Since absence of war and conflict are essential for economic development it is
equally necessary for democracy to prevail for sustainable development. Success
of command economies lauded in the past particularly during the cold war period
has now been found wanting and development in these economies are now believed
to have been distorted as well as afflicted by cronyism. President Bush has
made “the forces of human freedom” as the main plank of US policy in his State
of the Union address. But like many politicians he is quick to make compromises
as he made with the military President of Pakistan at the expense of secular
political parties because of short term gains in his war on terror. One hopes
that the absence of democratic rule in Pakistan with the military calling the
shots will not infuse bilateral issues in to
the difficulties-ridden SAARC process.
One wonders whether Shyam Saran has called upon
India’s neighbors to accept India’s preeminence in the region. Kenneth Waltz
has defined power as the capacity of a country to influence other countries to
behave as it wants them to and to resist the unwelcome influence of others
through Joseph Nye’s “hard and soft powers” i.e. .military and economic power,
and values, culture, ideologies, and institutions. India’s military might
inspires awe more than it inspires admiration among neighbors. Benefits of its
economic power are not felt in the region as the core EU countries’ economic
strength helped raise Spain, Portugal and Ireland from comparatively modest
economic level to the level of present day prosperity which fresh entrants into
the EU aspire to have in the future. To be fair UN Human Development Index
ranks India at 115 out of 162 countries, estimates percapita GDP, measured in
purchasing power parity as being half of that of China and almost third
compared to Brazil. Possession of nuclear weapons per se does not add to
India’s power as it did not help France in Algeria, US in Vietnam, Soviet Union
in Afghanistan and China vis-à-vis Taiwan. On the positive side India’s
democratic pluralism and a vibrant population taking advantage of liberal
economic policies are likely to catapult India into the category of great
powers. IMF calculations indicate that by next year India’s GDP will be larger
than those of Italy and the UK and by 2025 it will surpass those of Germany and
France making India the fourth largest economy in the world behind the US, Japan
and China. India’s neighbors must acknowledge these scenarios and come out of
the shell of self-imposed myopic nationalism.

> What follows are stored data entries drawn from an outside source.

text \<open>
  Encode a composition of \<open>N\<close> by the word in \<open>{F, T}\<^sup>N\<close> that marks its partial sums.
  The first part of the weight \<open>\<gamma>\<close> of an overlapping shuffle of \<open>\<alpha>\<close> and \<open>\<beta>\<close> is the first part
  of \<open>\<alpha>\<close>, of \<open>\<beta>\<close>, or their sum; this gives a recursion for the number of overlapping shuffles
  on the length of \<open>\<gamma>\<close>. The same recursion counts the words \<open>w\<close> accepted by an automaton that
  reads the words of \<open>\<alpha>\<close> (letter \<open>F\<close>) and \<open>\<beta>\<close> (letter \<open>T\<close>) interleaved according to \<open>w\<close> and
  compares them with the word of \<open>\<gamma>\<close>, a merged part being read as the part of \<open>\<beta>\<close> followed
  by the part of \<open>\<alpha>\<close>.

  For \<open>\<alpha> = comp(I\<^sup>c)\<close>, \<open>\<beta> = comp(J\<^sup>c)\<close>, \<open>\<gamma> = comp(K\<^sup>c)\<close> these words are the indicator words of
  \<open>[m] - I\<close>, \<open>[n] - J\<close>, \<open>[m+n] - K\<close>, an accepted word \<open>w\<close> is the indicator word of a set \<open>A\<close>
  with \<open>|A| = n\<close>, the interleaving of the first two words is the indicator word of the
  complement of \<open>I #\<^sub>A J\<close>, and \<open>c(A)\<close> is the set of positions after which \<open>w\<close> switches letters.
  The local checks of the automaton then say exactly that \<open>A\<close> satisfies the conditions of (c).

  Passing to \<open>[m+n] - A\<close> exchanges \<open>c\<^sub>1\<close> and \<open>c\<^sub>2\<close> and the roles of \<open>(m, I)\<close> and
  \<open>(n, J)\<close>; given the other conditions, \<open>|K - c\<^sub>2(A)| = |I| + |J|\<close> says that \<open>K\<close> misses
  \<open>c\<^sub>1(A)\<close>. Since overlapping shuffles are symmetric in \<open>\<alpha>\<close> and \<open>\<beta>\<close>, (a) = (c) for
  \<open>(n, m, J, I)\<close> turns into (a) = (b).
\<close>

lemma finite_nset [simp]: "finite (nset N)"
  by (simp add: nset_def)

lemma card_nset [simp]: "card (nset N) = N"
  by (simp add: nset_def)

lemma finite_subset_nset: "A \<subseteq> nset N \<Longrightarrow> finite A"
  by (erule finite_subset) simp

lemma Ball_nset_iff: "(\<forall>x\<in>nset N. P x) \<longleftrightarrow> (\<forall>p<N. P (Suc p))"
proof
  assume "\<forall>p<N. P (Suc p)"
  moreover have "\<exists>p<N. x = Suc p" if "x \<in> nset N" for x
    using that by (cases x) (auto simp: nset_def)
  ultimately show "\<forall>x\<in>nset N. P x" by blast
qed (auto simp: nset_def)

lemma nset_mono: "M \<le> N \<Longrightarrow> nset M \<subseteq> nset N"
  by (auto simp: nset_def)

section \<open>Compositions as words\<close>

fun comp_word :: "nat list \<Rightarrow> bool list" where
  "comp_word [] = []"
| "comp_word (a # as) = replicate (a - 1) False @ True # comp_word as"

lemma comp_word_eq_Nil_iff [simp]: "comp_word \<alpha> = [] \<longleftrightarrow> \<alpha> = []"
  by (cases \<alpha>) auto

fun gaps :: "nat list \<Rightarrow> nat list" where
  "gaps (x # y # r) = (y - x) # gaps (y # r)"
| "gaps _ = []"

lemma gaps_conv_map: "gaps xs = map (\<lambda>i. xs ! (i + 1) - xs ! i) [0..<length xs - 1]"
proof (induction xs rule: gaps.induct)
  case (1 x y r)
  then show ?case
    by (simp del: upt_Suc add: upt_conv_Cons map_Suc_upt[symmetric] o_def)
qed auto

lemma comp_eq_gaps: "0 < N \<Longrightarrow> comp N S = gaps (0 # sorted_list_of_set S @ [N])"
  by (simp add: comp_def gaps_conv_map Let_def)

lemma zero_notin_gaps: "sorted_wrt (<) xs \<Longrightarrow> 0 \<notin> set (gaps xs)"
  by (induction xs rule: gaps.induct) auto

lemma comp_word_gaps:
  "sorted_wrt (<) (a # xs) \<Longrightarrow> xs \<noteq> [] \<Longrightarrow>
    comp_word (gaps (a # xs)) = map (\<lambda>i. i \<in> set xs) [Suc a..<Suc (last xs)]"
proof (induction xs arbitrary: a)
  case (Cons y r)
  have "a < y" using Cons.prems by simp
  show ?case
  proof (cases r)
    case Nil
    have "map (\<lambda>i. i = y) [Suc a..<y] = replicate (y - Suc a) False"
      by (rule replicate_eqI) auto
    then show ?thesis using Nil \<open>a < y\<close> by (simp add: upt_Suc_append)
  next
    case (Cons z r')
    have IH: "comp_word (gaps (y # r)) = map (\<lambda>i. i \<in> set r) [Suc y..<Suc (last r)]"
      using Cons.IH Cons.prems \<open>r = z # r'\<close> by simp
    have "y < last r" using Cons.prems \<open>r = z # r'\<close> by (simp add: last_in_set)
    then have split: "[Suc a..<Suc (last r)] = [Suc a..<y] @ y # [Suc y..<Suc (last r)]"
      using \<open>a < y\<close> upt_add_eq_append[of "Suc a" y "Suc (last r) - y"] upt_conv_Cons[of y "Suc (last r)"]
      by simp
    have "map (\<lambda>i. i \<in> set (y # r)) [Suc a..<y] = replicate (y - Suc a) False"
    proof (rule replicate_eqI)
      have "\<forall>z\<in>set r. y < z" using Cons.prems by simp
      then show "\<And>b. b \<in> set (map (\<lambda>i. i \<in> set (y # r)) [Suc a..<y]) \<Longrightarrow> b = False"
        by auto
    qed simp
    moreover have "map (\<lambda>i. i \<in> set (y # r)) [Suc y..<Suc (last r)] = map (\<lambda>i. i \<in> set r) [Suc y..<Suc (last r)]"
      by (rule map_cong) auto
    ultimately show ?thesis using IH split \<open>a < y\<close> \<open>r = z # r'\<close> by simp
  qed
qed simp

lemma comp_word_comp:
  assumes "S \<subseteq> nset (N - 1)"
  shows "0 \<notin> set (comp N S) \<and> comp_word (comp N S) = map (\<lambda>i. i \<in> S \<or> i = N) [1..<Suc N]"
proof (cases "N = 0")
  case False
  have "finite S" using assms by (rule finite_subset_nset)
  have "\<forall>s\<in>S. 0 < s \<and> s < N" using assms by (auto simp: nset_def subset_iff)
  then have sorted: "sorted_wrt (<) (0 # sorted_list_of_set S @ [N])"
    using \<open>finite S\<close> False by (auto simp: sorted_wrt_append)
  then show ?thesis
    using zero_notin_gaps[OF sorted] comp_word_gaps[OF sorted] \<open>finite S\<close> False
    by (simp add: comp_eq_gaps)
qed (simp add: comp_def)

lemma comp_word_comp_compl:
  assumes "I \<subseteq> nset (m - 1)"
  shows "0 \<notin> set (comp m (nset (m - 1) - I)) \<and>
    comp_word (comp m (nset (m - 1) - I)) = map (\<lambda>i. i \<notin> I) [1..<Suc m]"
proof -
  have "map (\<lambda>i. i \<in> nset (m - 1) - I \<or> i = m) [1..<Suc m] = map (\<lambda>i. i \<notin> I) [1..<Suc m]"
    using assms by (intro map_cong) (auto simp: nset_def)
  then show ?thesis using comp_word_comp[of "nset (m - 1) - I" m] by auto
qed

section \<open>Counting overlapping shuffles by the first part\<close>

definition weight :: "nat list \<Rightarrow> nat list \<Rightarrow> nat \<Rightarrow> nat" where
  "weight f \<alpha> k = (\<Sum>(i, a)\<leftarrow>zip f \<alpha>. if i = k then a else 0)"

lemma weight_Cons [simp]: "weight (i # f) (a # \<alpha>) k = (if i = k then a else 0) + weight f \<alpha> k"
  by (simp add: weight_def)

lemma weight_map_Suc_0 [simp]: "weight (map Suc f) \<alpha> 0 = 0"
  by (induction f \<alpha> rule: list_induct2') (simp_all add: weight_def)

lemma weight_map_Suc_Suc [simp]: "weight (map Suc f) \<alpha> (Suc k) = weight f \<alpha> k"
  by (induction f \<alpha> rule: list_induct2') (simp_all add: weight_def)

lemma mem_overlapping_shuffles_iff:
  "(f, g) \<in> overlapping_shuffles \<alpha> \<beta> \<gamma> \<longleftrightarrow>
     length f = length \<alpha> \<and> length g = length \<beta> \<and> sorted_wrt (<) f \<and> sorted_wrt (<) g \<and>
     set f \<union> set g = {0..<length \<gamma>} \<and> (\<forall>k<length \<gamma>. \<gamma> ! k = weight f \<alpha> k + weight g \<beta> k)"
proof -
  have "weight f \<alpha> k = (\<Sum>i<length \<alpha>. if f ! i = k then \<alpha> ! i else 0)" if "length f = length \<alpha>" for f \<alpha> k
    using that by (simp add: weight_def sum_list_sum_nth atLeast0LessThan)
  then show ?thesis unfolding overlapping_shuffles_def by auto
qed

lemma insert_0_image_Suc_eq_atLeast0LessThan_Suc_iff:
  "insert 0 (Suc ` X) = {0..<Suc L} \<longleftrightarrow> X = {0..<L}"
proof -
  have "insert 0 (Suc ` X) = insert 0 (Suc ` Y) \<longleftrightarrow> X = Y" for Y :: "nat set"
    by (metis Diff_insert_absorb image_iff inj_image_eq_iff inj_Suc nat.distinct(1))
  then show ?thesis by (metis atLeast0_lessThan_Suc_eq_insert_0)
qed

lemma overlapping_shuffles_Cons_Cons_left:
  "(0 # map Suc f, map Suc g) \<in> overlapping_shuffles (a # \<alpha>) \<beta> (c # \<gamma>) \<longleftrightarrow>
     a = c \<and> (f, g) \<in> overlapping_shuffles \<alpha> \<beta> \<gamma>"
  using insert_0_image_Suc_eq_atLeast0LessThan_Suc_iff[of "set f \<union> set g" "length \<gamma>"]
  by (auto simp: mem_overlapping_shuffles_iff sorted_wrt_map image_Un All_less_Suc2)

lemma overlapping_shuffles_Cons_Cons_both:
  "(0 # map Suc f, 0 # map Suc g) \<in> overlapping_shuffles (a # \<alpha>) (b # \<beta>) (c # \<gamma>) \<longleftrightarrow>
     a + b = c \<and> (f, g) \<in> overlapping_shuffles \<alpha> \<beta> \<gamma>"
  using insert_0_image_Suc_eq_atLeast0LessThan_Suc_iff[of "set f \<union> set g" "length \<gamma>"]
  by (auto simp: mem_overlapping_shuffles_iff sorted_wrt_map image_Un All_less_Suc2 insert_commute)

lemma overlapping_shuffles_swap:
  "(f, g) \<in> overlapping_shuffles \<alpha> \<beta> \<gamma> \<longleftrightarrow> (g, f) \<in> overlapping_shuffles \<beta> \<alpha> \<gamma>"
  unfolding overlapping_shuffles_def by (auto simp: Un_commute add.commute)

lemma overlapping_shuffles_Cons_Cons_right:
  "(map Suc f, 0 # map Suc g) \<in> overlapping_shuffles \<alpha> (b # \<beta>) (c # \<gamma>) \<longleftrightarrow>
     b = c \<and> (f, g) \<in> overlapping_shuffles \<alpha> \<beta> \<gamma>"
  using overlapping_shuffles_Cons_Cons_left overlapping_shuffles_swap by metis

Fifty years of confrontational policy has given
some of the countries of this region abject poverty and decades of SAARC cooperation
has proved to be barren. India now demands of her neighbors recognition of her
core security concerns which she insists must be addressed. It not an illogical
demand to make of one’s neighbors. But then demands can not be one sided and
must be reciprocated in kind. India has to demonstrate that she is an
opportunity and not a threat, she too must acknowledge the legitimate concerns
of her neighbors, open her markets, offer export facilities as befits the level
of development of the neighbor and given to her by the international
community(for example nothing but arms given by EU),invest in cross border
infra-structural development, address the complaint sometimes made by importing
neighbors that Indian exporters send sub-standard materials, and should be the
first to extend help should any of the neighboring countries fall prey to
natural calamities. It is not known whether Delhi realizes the extent of
influence exerted by Bollywood and Star TV on the youth of the sub-continent
and how the democratic institutions enthuse other people to emulate them.
Whether India will pursue cultural nationalism, an euphemism for Hindutva, is
for the Indians to decide. But as George Perkovitch observes that it is
pluralistic liberalism, not cultural nationalism, which will lead India to
growing power and attract her neighbors to collaborate with her. India would be
well advised to remember that if the US with its unchallengeable hard power
could not hold on to the unipolar moment she briefly enjoyed after the fall of the
Berlin Wall then India surely cannot join G-10 and the UNSC unless she takes
her neighbors along with her in the same train to peace and prosperity.